Work required: Repeat exactly the lines from the start of the records below through the line that contains "c y \<le> B", including both.

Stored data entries
= = = =

lemma dual_cone_nonzero:
  fixes K :: "'b::euclidean_space set"
  assumes cone: "cone K" and "convex K" "closed K" "K \<noteq> {}" and z: "z \<notin> K"
  shows "\<exists>c\<in>dual_cone K. c \<noteq> 0"
proof -
  obtain y0 where "y0 \<in> K" using assms(4) by blast
  then have "0 \<in> K" using cone unfolding cone_def by (metis order_refl scaleR_zero_left)
  obtain a b where ab: "inner a z < b" "\<forall>y\<in>K. b < inner a y"
    using separating_hyperplane_closed_point[OF assms(2,3) z] by blast
  have b: "b < 0" using ab \<open>0 \<in> K\<close> by fastforce
  have "0 \<le> inner a y" if "y \<in> K" for y
  proof (rule ccontr)
    assume neg: "\<not> 0 \<le> inner a y"
    have "(b / inner a y) *\<^sub>R y \<in> K"
      using cone that neg b unfolding cone_def by (simp add: divide_nonpos_neg)
    then show False using ab neg by fastforce
  qed
  moreover have "a \<noteq> 0" using ab b by auto
  ultimately show ?thesis by (auto simp: dual_cone_def)
qed

lemma proper_cone_dual_cone_nonzero:
  fixes K :: "'b::euclidean_space set"
  assumes "proper_cone K"
  shows "\<exists>c\<in>dual_cone K. c \<noteq> 0"
proof -
  obtain b :: 'b where "b \<in> Basis" using nonempty_Basis by blast
  then have "b \<noteq> 0" by auto
  then have "b \<notin> K \<or> -b \<notin> K"
    using assms unfolding proper_cone_def by (metis IntI image_eqI minus_minus singletonD)
  then obtain z where "z \<notin> K" by blast
  moreover have "K \<noteq> {}" using assms interior_subset by (auto simp: proper_cone_def)
  ultimately show ?thesis
    using assms dual_cone_nonzero[of K z] unfolding proper_cone_def by blast
qed

definition support_fun :: "'b::real_inner set \<Rightarrow> 'b \<Rightarrow> real" where
  "support_fun C y = (SUP c\<in>C. inner c y)"

lemma bdd_above_inner_image:
  fixes C :: "'b::real_inner set"
  assumes "bounded C"
  shows "bdd_above ((\<lambda>c. inner c y) ` C)"
proof -
  obtain B where "\<forall>c\<in>C. norm c \<le> B" using assms bounded_iff by blast
  then have "inner c y \<le> B * norm y" if "c \<in> C" for c
    using that norm_cauchy_schwarz[of c y] mult_right_mono[of "norm c" B "norm y"] by force
  then show ?thesis by (intro bdd_aboveI2)
qed

lemma support_fun_upper: "bounded C \<Longrightarrow> c \<in> C \<Longrightarrow> inner c y \<le> support_fun C y"
  unfolding support_fun_def by (intro cSUP_upper bdd_above_inner_image)

lemma support_fun_least: "C \<noteq> {} \<Longrightarrow> (\<And>c. c \<in> C \<Longrightarrow> inner c y \<le> M) \<Longrightarrow> support_fun C y \<le> M"
  unfolding support_fun_def by (rule cSUP_least)

lemma support_fun_0 [simp]: "C \<noteq> {} \<Longrightarrow> support_fun C 0 = 0"
  by (simp add: support_fun_def)

lemma convex_on_support_fun_linear:
  assumes "linear A" "C \<noteq> {}" "bounded C"
  shows "convex_on UNIV (\<lambda>v. support_fun C (A v))"
proof (rule convex_onI)
  fix t :: real and v w assume t: "0 < t" "t < 1"
  show "support_fun C (A ((1 - t) *\<^sub>R v + t *\<^sub>R w))
        \<le> (1 - t) * support_fun C (A v) + t * support_fun C (A w)"
  proof (rule support_fun_least[OF assms(2)])
    fix c assume c: "c \<in> C"
    have "inner c (A ((1 - t) *\<^sub>R v + t *\<^sub>R w)) = (1 - t) * inner c (A v) + t * inner c (A w)"
      using assms(1) by (simp add: linear_add linear_scale inner_add_right)
    also have "\<dots> \<le> (1 - t) * support_fun C (A v) + t * support_fun C (A w)"
      using t support_fun_upper[OF assms(3) c] by (intro add_mono mult_left_mono) auto
    finally show "inner c (A ((1 - t) *\<^sub>R v + t *\<^sub>R w)) \<le> \<dots>" .
  qed
qed simp

lemma prox_variational_inequality:
  fixes f :: "'a::real_inner \<Rightarrow> real"
  assumes "convex_on UNIV f" and min: "\<And>v. f d + (norm d)\<^sup>2 / 2 \<le> f v + (norm v)\<^sup>2 / 2"
  shows "f d - f w \<le> inner d (w - d)"
proof (rule tendsto_le[OF trivial_limit_at_right_real])
  let ?r = "(norm (w - d))\<^sup>2 / 2"
  show "((\<lambda>t. inner d (w - d) + t * ?r) \<longlongrightarrow> inner d (w - d)) (at_right 0)"
    by (auto intro!: tendsto_eq_intros)
  have "f d - f w \<le> inner d (w - d) + t * ?r" if t: "0 < t" "t \<le> 1" for t
  proof -
    have "(norm (d + t *\<^sub>R (w - d)))\<^sup>2 = (norm d)\<^sup>2 + 2 * t * inner d (w - d) + t\<^sup>2 * (norm (w - d))\<^sup>2"
      unfolding power2_norm_eq_inner
      by (simp add: inner_add_left inner_add_right inner_commute algebra_simps power2_eq_square)
    moreover have "f (d + t *\<^sub>R (w - d)) \<le> (1 - t) * f d + t * f w"
      using convex_onD[OF assms(1), of t d w] t by (simp add: algebra_simps)
    ultimately have "t * (f d - f w) \<le> t * (inner d (w - d) + t * ?r)"
      using min[of "d + t *\<^sub>R (w - d)"] by (simp add: algebra_simps power2_eq_square)
    then show ?thesis using t by simp
  qed
  then show "\<forall>\<^sub>F t in at_right 0. f d - f w \<le> inner d (w - d) + t * ?r"
    unfolding eventually_at_right_field by (intro exI[of _ 1]) auto
qed (rule tendsto_const)

lemma bounded_sublevel_strongly_convex:
  fixes g :: "'a::real_normed_vector \<Rightarrow> real"
  assumes L: "bounded_linear L" and m: "m > 0"
    and sconv: "\<And>z. L (z - y) + m / 2 * (norm (z - y))\<^sup>2 \<le> g z - g y"
  shows "bounded {z. g z \<le> g y}"
proof -
  obtain B where B: "B > 0" "\<And>v. norm (L v) \<le> norm v * B"
    using bounded_linear.pos_bounded[OF L] by blast
  have "norm (z - y) \<le> 2 * B / m" if "g z \<le> g y" for z
  proof -
    let ?n = "norm (z - y)"
    have "m / 2 * ?n\<^sup>2 \<le> - L (z - y)" using sconv[of z] that by linarith
    also have "\<dots> \<le> ?n * B" using B(2)[of "z - y"] by (simp add: real_norm_def)
    finally have "?n * (m / 2 * ?n) \<le> ?n * B" by (simp add: power2_eq_square mult_ac)
    then have "?n = 0 \<or> m / 2 * ?n \<le> B"
      using mult_le_cancel_left_pos[of ?n] by (metis order_le_less norm_ge_zero)
    then show ?thesis using B m by (auto simp: field_simps)
  qed
  then have "norm z \<le> norm y + 2 * B / m" if "g z \<le> g y" for z
    using that norm_triangle_sub[of z y] by fastforce
  then show ?thesis unfolding bounded_iff by blast
qed

lemma LIMSEQ_contracting:
  fixes x :: "nat \<Rightarrow> 'a::real_normed_vector"
  assumes q: "q < 1" and contr: "\<And>k. norm (x (Suc k) - p) \<le> q * norm (x k - p)"
  shows "x \<longlonglongrightarrow> p"
proof -
  define r where "r = max 0 q"
  have r: "0 \<le> r" "r < 1" using q by (auto simp: r_def)
  have r_contr: "norm (x (Suc k) - p) \<le> r * norm (x k - p)" for k
    using contr[of k] mult_right_mono[of q r "norm (x k - p)"] by (simp add: r_def)
  have bound: "norm (x k - p) \<le> r ^ k * norm (x 0 - p)" for k
  proof (induction k)
    case (Suc k)
    show ?case
      using r_contr[of k] mult_left_mono[OF Suc r(1)] by (simp add: mult.assoc)
  qed simp
  have "(\<lambda>k. r ^ k) \<longlonglongrightarrow> 0"
    using r by (intro LIMSEQ_power_zero) simp
  then have "(\<lambda>k. r ^ k * norm (x 0 - p)) \<longlonglongrightarrow> 0"
    by (rule tendsto_mult_left_zero)
  then have "(\<lambda>k. x k - p) \<longlonglongrightarrow> 0"
    by (rule Lim_null_comparison[OF always_eventually, rotated]) (simp add: bound)
  then show ?thesis by (simp only: LIM_zero_iff)
qed

lemma le_sqrt_mult_if_power2_le:
  fixes a b s :: real
  assumes "0 \<le> a" "0 \<le> b" "a\<^sup>2 \<le> s * b\<^sup>2"
  shows "a \<le> sqrt s * b"
proof -
  \<comment> \<open>No sign condition on s: sqrt is odd, so real_sqrt_mult holds unconditionally.\<close>
  have "sqrt (a\<^sup>2) \<le> sqrt (s * b\<^sup>2)" using assms(3) by (rule real_sqrt_le_mono)
  then show ?thesis using assms(1,2) by (simp add: real_sqrt_mult)
qed

locale vector_steepest_descent =
  fixes K :: "'b::euclidean_space set"
    and F :: "'a::euclidean_space \<Rightarrow> 'b"
    and JF :: "'a \<Rightarrow> 'a \<Rightarrow> 'b"
    and l \<mu> :: 'b
    and x :: "nat \<Rightarrow> 'a"
  assumes K: "proper_cone K"
    and deriv: "\<And>z. (F has_derivative JF z) (at z)"
    and smooth: "K_smooth K F JF l" and l_int: "l \<in> interior K"
    and sconv: "strongly_K_convex K F JF \<mu>" and mu_int: "\<mu> \<in> interior K"
    and step: "\<And>k z. subproblem_obj K JF l (x k) (x (Suc k)) \<le> subproblem_obj K JF l (x k) z"
begin

abbreviation C :: "'b set" where "C \<equiv> C_set K l"

lemma C_inner_nonneg: "c \<in> C \<Longrightarrow> v \<in> K \<Longrightarrow> 0 \<le> inner c v"
  by (auto simp: C_set_def dual_cone_def)

lemma C_nonempty: "C \<noteq> {}"
proof -
  obtain c where c: "c \<in> dual_cone K" "c \<noteq> 0"
    using proper_cone_dual_cone_nonzero[OF K] by blast
  then have "0 < inner c l" using dual_cone_inner_interior_pos[OF l_int] by blast
  then have "(1 / inner c l) *\<^sub>R c \<in> C" using c by (auto simp: C_set_def dual_cone_def)
  then show ?thesis by blast
qed

lemma C_bounded: "bounded C"
proof -
  obtain e where e: "e > 0" "\<forall>c\<in>dual_cone K. e * norm c \<le> inner c l"
    using dual_cone_inner_ge_norm[OF l_int] by blast
  then have "norm c \<le> 1 / e" if "c \<in> C" for c
    using that by (auto simp: C_set_def field_simps mult.commute)
  then show ?thesis unfolding bounded_iff by blast
qed

lemma kappa_ge_ratio:
  assumes "c \<in> dual_cone K" "c \<noteq> 0"
  shows "inner c l / inner c \<mu> \<le> kappa K l \<mu>"
proof -
  obtain e where e: "e > 0" "\<forall>c\<in>dual_cone K. e * norm c \<le> inner c \<mu>"
    using dual_cone_inner_ge_norm[OF mu_int] by blast
  have "inner c l / inner c \<mu> \<le> norm l / e" if c: "c \<in> dual_cone K" "c \<noteq> 0" for c
  proof -
    have pos: "0 < e * norm c" and le: "e * norm c \<le> inner c \<mu>" using c e by auto
    have "inner c l / inner c \<mu> \<le> norm c * norm l / inner c \<mu>"
      using norm_cauchy_schwarz[of c l] pos le by (intro divide_right_mono) auto
    also have "\<dots> \<le> norm c * norm l / (e * norm c)"
      using pos le by (intro divide_left_mono) auto
    also have "\<dots> = norm l / e" using c by simp
    finally show ?thesis .
  qed
  then have "bdd_above ((\<lambda>c. inner c l / inner c \<mu>) ` (dual_cone K - {0}))"
    by (intro bdd_aboveI2) blast
  then show ?thesis unfolding kappa_def using assms by (intro cSUP_upper) auto
qed

lemma inverse_kappa_le: "c \<in> C \<Longrightarrow> 1 / kappa K l \<mu> \<le> inner c \<mu>"
  and kappa_pos: "0 < kappa K l \<mu>"
proof -
  have *: "0 < inner c \<mu> \<and> 1 / inner c \<mu> \<le> kappa K l \<mu>" if "c \<in> C" for c
  proof -
    have c: "c \<in> dual_cone K" "c \<noteq> 0" using that by (auto simp: C_set_def)
    then show ?thesis
      using kappa_ge_ratio[OF c] dual_cone_inner_interior_pos[OF mu_int c] that
      by (simp add: C_set_def)
  qed
  obtain c0 where "c0 \<in> C" using C_nonempty by blast
  then show "0 < kappa K l \<mu>"
    using * by (meson less_le_trans zero_less_divide_1_iff)
  show "1 / kappa K l \<mu> \<le> inner c \<mu>" if "c \<in> C"
    using *[OF that] le_imp_inverse_le[of "1 / inner c \<mu>" "kappa K l \<mu>"]
    by (simp add: inverse_eq_divide)
qed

= = = =

Written answer:
lemma dual_cone_nonzero:
  fixes K :: "'b::euclidean_space set"
  assumes cone: "cone K" and "convex K" "closed K" "K \<noteq> {}" and z: "z \<notin> K"
  shows "\<exists>c\<in>dual_cone K. c \<noteq> 0"
proof -
  obtain y0 where "y0 \<in> K" using assms(4) by blast
  then have "0 \<in> K" using cone unfolding cone_def by (metis order_refl scaleR_zero_left)
  obtain a b where ab: "inner a z < b" "\<forall>y\<in>K. b < inner a y"
    using separating_hyperplane_closed_point[OF assms(2,3) z] by blast
  have b: "b < 0" using ab \<open>0 \<in> K\<close> by fastforce
  have "0 \<le> inner a y" if "y \<in> K" for y
  proof (rule ccontr)
    assume neg: "\<not> 0 \<le> inner a y"
    have "(b / inner a y) *\<^sub>R y \<in> K"
      using cone that neg b unfolding cone_def by (simp add: divide_nonpos_neg)
    then show False using ab neg by fastforce
  qed
  moreover have "a \<noteq> 0" using ab b by auto
  ultimately show ?thesis by (auto simp: dual_cone_def)
qed

lemma proper_cone_dual_cone_nonzero:
  fixes K :: "'b::euclidean_space set"
  assumes "proper_cone K"
  shows "\<exists>c\<in>dual_cone K. c \<noteq> 0"
proof -
  obtain b :: 'b where "b \<in> Basis" using nonempty_Basis by blast
  then have "b \<noteq> 0" by auto
  then have "b \<notin> K \<or> -b \<notin> K"
    using assms unfolding proper_cone_def by (metis IntI image_eqI minus_minus singletonD)
  then obtain z where "z \<notin> K" by blast
  moreover have "K \<noteq> {}" using assms interior_subset by (auto simp: proper_cone_def)
  ultimately show ?thesis
    using assms dual_cone_nonzero[of K z] unfolding proper_cone_def by blast
qed

definition support_fun :: "'b::real_inner set \<Rightarrow> 'b \<Rightarrow> real" where
  "support_fun C y = (SUP c\<in>C. inner c y)"

lemma bdd_above_inner_image:
  fixes C :: "'b::real_inner set"
  assumes "bounded C"
  shows "bdd_above ((\<lambda>c. inner c y) ` C)"
proof -
  obtain B where "\<forall>c\<in>C. norm c \<le> B" using assms bounded_iff by blast
  then have "inner c y \<le> B * norm y" if "c \<in> C" for c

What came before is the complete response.